lemma shannon_entropy_block_subadditive:
  fixes m :: "(nat \<Rightarrow> 'a::finite) measure"
  assumes st: "stationary_source m"
  shows "shannon_entropy m (block (a + b)) \<le> shannon_entropy m (block a) + shannon_entropy m (block b)"
proof -
  interpret prob_space m using st by (simp add: stationary_source_def)
  have sets: "sets m = sets seq_space" using st by (simp add: stationary_source_def)
  let ?tail = "\<lambda>x. block b (\<lambda>n. x (n + a))"
  have head: "simple_function m (block a)" by (rule simple_function_block[OF sets])
  have tail: "simple_function m ?tail"
    by (rule simple_function_determined_by_block[OF sets determined_by_block_shift[OF determined_by_block_block]])
  have "shannon_entropy m (block (a + b)) = shannon_entropy m (\<lambda>x. case_prod append (block a x, ?tail x))"
    by (simp add: block_add[abs_def])
  also have "\<dots> \<le> shannon_entropy m (\<lambda>x. (block a x, ?tail x))"
    by (rule shannon_entropy_comp_le[OF simple_function_Pair[OF head tail]])
  also have "\<dots> \<le> shannon_entropy m (block a) + shannon_entropy m ?tail"
    by (rule shannon_entropy_pair_le[OF head tail])
  also have "shannon_entropy m ?tail = shannon_entropy m (block b)"
    by (rule shannon_entropy_shift[OF st determined_by_block_block])
  finally show ?thesis .
qed

lemma subadditive_mult_add_le:
  fixes a :: "nat \<Rightarrow> real"
  assumes sub: "\<And>m n. a (m + n) \<le> a m + a n"
  shows "a (q * k + r) \<le> real q * a k + a r"
proof (induction q)
  case (Suc q)
  have "a (Suc q * k + r) = a (k + (q * k + r))" by (simp add: algebra_simps)
  also have "\<dots> \<le> a k + a (q * k + r)" by (rule sub)
  finally show ?case using Suc by (simp add: algebra_simps)
qed simp

lemma subadditive_div_le:
  fixes a :: "nat \<Rightarrow> real"
  assumes sub: "\<And>m n. a (m + n) \<le> a m + a n" and nonneg: "\<And>n. 0 \<le> a n"
    and "0 < k" "0 < n"
  shows "a n / n \<le> a k / k + Max (a ` {..<k}) / n"
proof -
  have "a n = a (n div k * k + n mod k)" by simp
  also have "\<dots> \<le> real (n div k) * a k + a (n mod k)" by (rule subadditive_mult_add_le[OF sub])
  also have "real (n div k) * a k \<le> (real n / real k) * a k"
    using nonneg by (intro mult_right_mono of_nat_div_le_of_nat)
  also have "a (n mod k) \<le> Max (a ` {..<k})"
    using \<open>0 < k\<close> by (intro Max_ge) auto
  finally show ?thesis
    using \<open>0 < n\<close> by (simp add: field_simps)
qed

lemma fekete:
  fixes a :: "nat \<Rightarrow> real"
  assumes sub: "\<And>m n. a (m + n) \<le> a m + a n" and nonneg: "\<And>n. 0 \<le> a n"
  shows "(\<lambda>n. a n / n) \<longlonglongrightarrow> (INF n\<in>{0<..}. a n / n)"
proof (rule LIMSEQ_I)
  define l where "l = (INF n\<in>{0<..}. a n / n)"
  have bdd: "bdd_below ((\<lambda>n. a n / n) ` {0<..})"
    using nonneg by (intro bdd_belowI[of _ 0]) auto
  fix e :: real assume "0 < e"
  then obtain k where k: "0 < k" "a k / k < l + e / 2"
    using cInf_lessD[of "(\<lambda>n. a n / n) ` {0<..}" "l + e / 2"] unfolding l_def by force
  define M where "M = Max (a ` {..<k})"
  obtain n0 :: nat where n0: "2 * M / e < n0"
    using reals_Archimedean2 by blast
  show "\<exists>n0. \<forall>n\<ge>n0. norm (a n / n - l) < e"
  proof (intro exI allI impI)
    fix n assume n: "Suc n0 \<le> n"
    have "real n0 < n" using n by simp
    then have "e * n0 < e * n" using \<open>0 < e\<close> by simp
    moreover have "2 * M < e * n0" using n0 \<open>0 < e\<close> by (simp add: divide_less_eq mult.commute)
    ultimately have "2 * M < e * n" by linarith
    then have "M / n < e / 2"
      using n by (simp add: field_simps)
    then have "a n / n < l + e"
      using subadditive_div_le[OF sub nonneg \<open>0 < k\<close>, of n, folded M_def] n k(2) by linarith
    moreover have "l \<le> a n / n"
      unfolding l_def using n bdd by (intro cInf_lower) auto
    ultimately show "norm (a n / n - l) < e" by simp
  qed
qed

lemma convergent_block_entropy_rate:
  fixes m :: "(nat \<Rightarrow> 'a::finite) measure"
  assumes "stationary_source m"
  shows "convergent (\<lambda>L. shannon_entropy m (block L) / L)"
proof -
  have "prob_space m" using assms by (simp add: stationary_source_def)
  then show ?thesis
    using fekete[OF shannon_entropy_block_subadditive[OF assms] shannon_entropy_nonneg]
    by (auto intro: convergentI)
qed

lemma rank_var_eq_Suc_card: "rank_var n x = Suc (card {i. i < n \<and> x i \<le> x n})"
proof -
  have "{i. i \<le> n \<and> x i \<le> x n} = insert n {i. i < n \<and> x i \<le> x n}" by auto
  then show ?thesis unfolding rank_var_def by simp
qed

lemma rank_block_eq_imp_le_iff:
  fixes x y :: "nat \<Rightarrow> 'a::linorder"
  assumes ranks: "rank_block L x = rank_block L y"
  shows "n < L \<Longrightarrow> i < n \<Longrightarrow> x i \<le> x n \<longleftrightarrow> y i \<le> y n"
proof (induction n arbitrary: i rule: less_induct)
  case (less n)
  define Dx where "Dx = {i. i < n \<and> x i \<le> x n}"
  define Dy where "Dy = {i. i < n \<and> y i \<le> y n}"
  have "rank_var n x = rank_var n y"
    using ranks less.prems(1) unfolding rank_block_def by (simp add: map_eq_conv)
  then have same_card: "card Dx = card Dy"
    unfolding Dx_def Dy_def rank_var_eq_Suc_card by simp
  \<comment> \<open>Dx and Dy are down-closed for the order of the earlier values, on which x and y agree.\<close>
  have "Dx \<subseteq> Dy \<or> Dy \<subseteq> Dx"
  proof (rule ccontr)
    assume "\<not> ?thesis"
    then obtain i j where i: "i < n" "x i \<le> x n" "\<not> y i \<le> y n"
      and j: "j < n" "y j \<le> y n" "\<not> x j \<le> x n"
      unfolding Dx_def Dy_def by auto
    consider "i < j" | "j < i" using i j by (metis linorder_neqE_nat)
    then show False
    proof cases
      case 1
      have "x i \<le> x j" using i(2) j(3) by (metis le_cases order.trans)
      then have "y i \<le> y j" using less.IH[of j i] less.prems(1) 1 j(1) by simp
      then show False using i(3) j(2) by (metis order.trans)
    next
      case 2
      have "y j \<le> y i" using i(3) j(2) by (metis le_cases order.trans)
      then have "x j \<le> x i" using less.IH[of i j] less.prems(1) 2 i(1) by simp
      then show False using i(2) j(3) by (metis order.trans)
    qed
  qed
  then have "Dx = Dy"
    using same_card by (auto simp: Dx_def Dy_def dest: card_subset_eq[rotated])
  then show ?case using less.prems unfolding Dx_def Dy_def by blast
qed

definition value_counts :: "nat \<Rightarrow> (nat \<Rightarrow> 'a::linorder) \<Rightarrow> 'a \<Rightarrow> nat" where
  "value_counts L x c = card {j. j < L \<and> x j \<le> c}"

text \<open>Position (from 0) of entry n in the stable sort of the block x 0, ..., x (L - 1).\<close>
definition sort_position :: "nat \<Rightarrow> (nat \<Rightarrow> 'a::linorder) \<Rightarrow> nat \<Rightarrow> nat" where
  "sort_position L x n = card {j. j < L \<and> (x j < x n \<or> x j = x n \<and> j < n)}"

## Task item
Retype every record without alteration.

## Problem solution
lemma shannon_entropy_block_subadditive:
  fixes m :: "(nat \<Rightarrow> 'a::finite) measure"
  assumes st: "stationary_source m"
  shows "shannon_entropy m (block (a + b)) \<le> shannon_entropy m (block a) + shannon_entropy m (block b)"
proof -
  interpret prob_space m using st by (simp add: stationary_source_def)
  have sets: "sets m = sets seq_space" using st by (simp add: stationary_source_def)
  let ?tail = "\<lambda>x. block b (\<lambda>n. x (n + a))"
  have head: "simple_function m (block a)" by (rule simple_function_block[OF sets])
  have tail: "simple_function m ?tail"
    by (rule simple_function_determined_by_block[OF sets determined_by_block_shift[OF determined_by_block_block]])
  have "shannon_entropy m (block (a + b)) = shannon_entropy m (\<lambda>x. case_prod append (block a x, ?tail x))"
    by (simp add: block_add[abs_def])
  also have "\<dots> \<le> shannon_entropy m (\<lambda>x. (block a x, ?tail x))"
    by (rule shannon_entropy_comp_le[OF simple_function_Pair[OF head tail]])
  also have "\<dots> \<le> shannon_entropy m (block a) + shannon_entropy m ?tail"
    by (rule shannon_entropy_pair_le[OF head tail])
  also have "shannon_entropy m ?tail = shannon_entropy m (block b)"
    by (rule shannon_entropy_shift[OF st determined_by_block_block])
  finally show ?thesis .
qed

lemma subadditive_mult_add_le:
  fixes a :: "nat \<Rightarrow> real"
  assumes sub: "\<And>m n. a (m + n) \<le> a m + a n"
  shows "a (q * k + r) \<le> real q * a k + a r"
proof (induction q)
  case (Suc q)
  have "a (Suc q * k + r) = a (k + (q * k + r))" by (simp add: algebra_simps)
  also have "\<dots> \<le> a k + a (q * k + r)" by (rule sub)
  finally show ?case using Suc by (simp add: algebra_simps)
qed simp

lemma subadditive_div_le:
  fixes a :: "nat \<Rightarrow> real"
  assumes sub: "\<And>m n. a (m + n) \<le> a m + a n" and nonneg: "\<And>n. 0 \<le> a n"
    and "0 < k" "0 < n"
  shows "a n / n \<le> a k / k + Max (a ` {..<k}) / n"
proof -
  have "a n = a (n div k * k + n mod k)" by simp
  also have "\<dots> \<le> real (n div k) * a k + a (n mod k)" by (rule subadditive_mult_add_le[OF sub])
  also have "real (n div k) * a k \<le> (real n / real k) * a k"
    using nonneg by (intro mult_right_mono of_nat_div_le_of_nat)
  also have "a (n mod k) \<le> Max (a ` {..<k})"
    using \<open>0 < k\<close> by (intro Max_ge) auto
  finally show ?thesis
    using \<open>0 < n\<close> by (simp add: field_simps)
qed

lemma fekete:
  fixes a :: "nat \<Rightarrow> real"
  assumes sub: "\<And>m n. a (m + n) \<le> a m + a n" and nonneg: "\<And>n. 0 \<le> a n"
  shows "(\<lambda>n. a n / n) \<longlonglongrightarrow> (INF n\<in>{0<..}. a n / n)"
proof (rule LIMSEQ_I)
  define l where "l = (INF n\<in>{0<..}. a n / n)"
  have bdd: "bdd_below ((\<lambda>n. a n / n) ` {0<..})"
    using nonneg by (intro bdd_belowI[of _ 0]) auto
  fix e :: real assume "0 < e"
  then obtain k where k: "0 < k" "a k / k < l + e / 2"
    using cInf_lessD[of "(\<lambda>n. a n / n) ` {0<..}" "l + e / 2"] unfolding l_def by force
  define M where "M = Max (a ` {..<k})"
  obtain n0 :: nat where n0: "2 * M / e < n0"
    using reals_Archimedean2 by blast
  show "\<exists>n0. \<forall>n\<ge>n0. norm (a n / n - l) < e"
  proof (intro exI allI impI)
    fix n assume n: "Suc n0 \<le> n"
    have "real n0 < n" using n by simp
    then have "e * n0 < e * n" using \<open>0 < e\<close> by simp
    moreover have "2 * M < e * n0" using n0 \<open>0 < e\<close> by (simp add: divide_less_eq mult.commute)
    ultimately have "2 * M < e * n" by linarith
    then have "M / n < e / 2"
      using n by (simp add: field_simps)
    then have "a n / n < l + e"
      using subadditive_div_le[OF sub nonneg \<open>0 < k\<close>, of n, folded M_def] n k(2) by linarith
    moreover have "l \<le> a n / n"
      unfolding l_def using n bdd by (intro cInf_lower) auto
    ultimately show "norm (a n / n - l) < e" by simp
  qed
qed

lemma convergent_block_entropy_rate:
  fixes m :: "(nat \<Rightarrow> 'a::finite) measure"
  assumes "stationary_source m"
  shows "convergent (\<lambda>L. shannon_entropy m (block L) / L)"
proof -
  have "prob_space m" using assms by (simp add: stationary_source_def)
  then show ?thesis
    using fekete[OF shannon_entropy_block_subadditive[OF assms] shannon_entropy_nonneg]
    by (auto intro: convergentI)
qed

lemma rank_var_eq_Suc_card: "rank_var n x = Suc (card {i. i < n \<and> x i \<le> x n})"
proof -
  have "{i. i \<le> n \<and> x i \<le> x n} = insert n {i. i < n \<and> x i \<le> x n}" by auto
  then show ?thesis unfolding rank_var_def by simp
qed

lemma rank_block_eq_imp_le_iff:
  fixes x y :: "nat \<Rightarrow> 'a::linorder"
  assumes ranks: "rank_block L x = rank_block L y"
  shows "n < L \<Longrightarrow> i < n \<Longrightarrow> x i \<le> x n \<longleftrightarrow> y i \<le> y n"
proof (induction n arbitrary: i rule: less_induct)
  case (less n)
  define Dx where "Dx = {i. i < n \<and> x i \<le> x n}"
  define Dy where "Dy = {i. i < n \<and> y i \<le> y n}"
  have "rank_var n x = rank_var n y"
    using ranks less.prems(1) unfolding rank_block_def by (simp add: map_eq_conv)
  then have same_card: "card Dx = card Dy"
    unfolding Dx_def Dy_def rank_var_eq_Suc_card by simp
  \<comment> \<open>Dx and Dy are down-closed for the order of the earlier values, on which x and y agree.\<close>
  have "Dx \<subseteq> Dy \<or> Dy \<subseteq> Dx"
  proof (rule ccontr)
    assume "\<not> ?thesis"
    then obtain i j where i: "i < n" "x i \<le> x n" "\<not> y i \<le> y n"
      and j: "j < n" "y j \<le> y n" "\<not> x j \<le> x n"
      unfolding Dx_def Dy_def by auto
    consider "i < j" | "j < i" using i j by (metis linorder_neqE_nat)
    then show False
    proof cases
      case 1
      have "x i \<le> x j" using i(2) j(3) by (metis le_cases order.trans)
      then have "y i \<le> y j" using less.IH[of j i] less.prems(1) 1 j(1) by simp
      then show False using i(3) j(2) by (metis order.trans)
    next
      case 2
      have "y j \<le> y i" using i(3) j(2) by (metis le_cases order.trans)
      then have "x j \<le> x i" using less.IH[of i j] less.prems(1) 2 i(1) by simp
      then show False using i(2) j(3) by (metis order.trans)
    qed
  qed
  then have "Dx = Dy"
    using same_card by (auto simp: Dx_def Dy_def dest: card_subset_eq[rotated])
  then show ?case using less.prems unfolding Dx_def Dy_def by blast
qed

definition value_counts :: "nat \<Rightarrow> (nat \<Rightarrow> 'a::linorder) \<Rightarrow> 'a \<Rightarrow> nat" where
  "value_counts L x c = card {j. j < L \<and> x j \<le> c}"

text \<open>Position (from 0) of entry n in the stable sort of the block x 0, ..., x (L - 1).\<close>
definition sort_position :: "nat \<Rightarrow> (nat \<Rightarrow> 'a::linorder) \<Rightarrow> nat \<Rightarrow> nat" where
  "sort_position L x n = card {j. j < L \<and> (x j < x n \<or> x j = x n \<and> j < n)}"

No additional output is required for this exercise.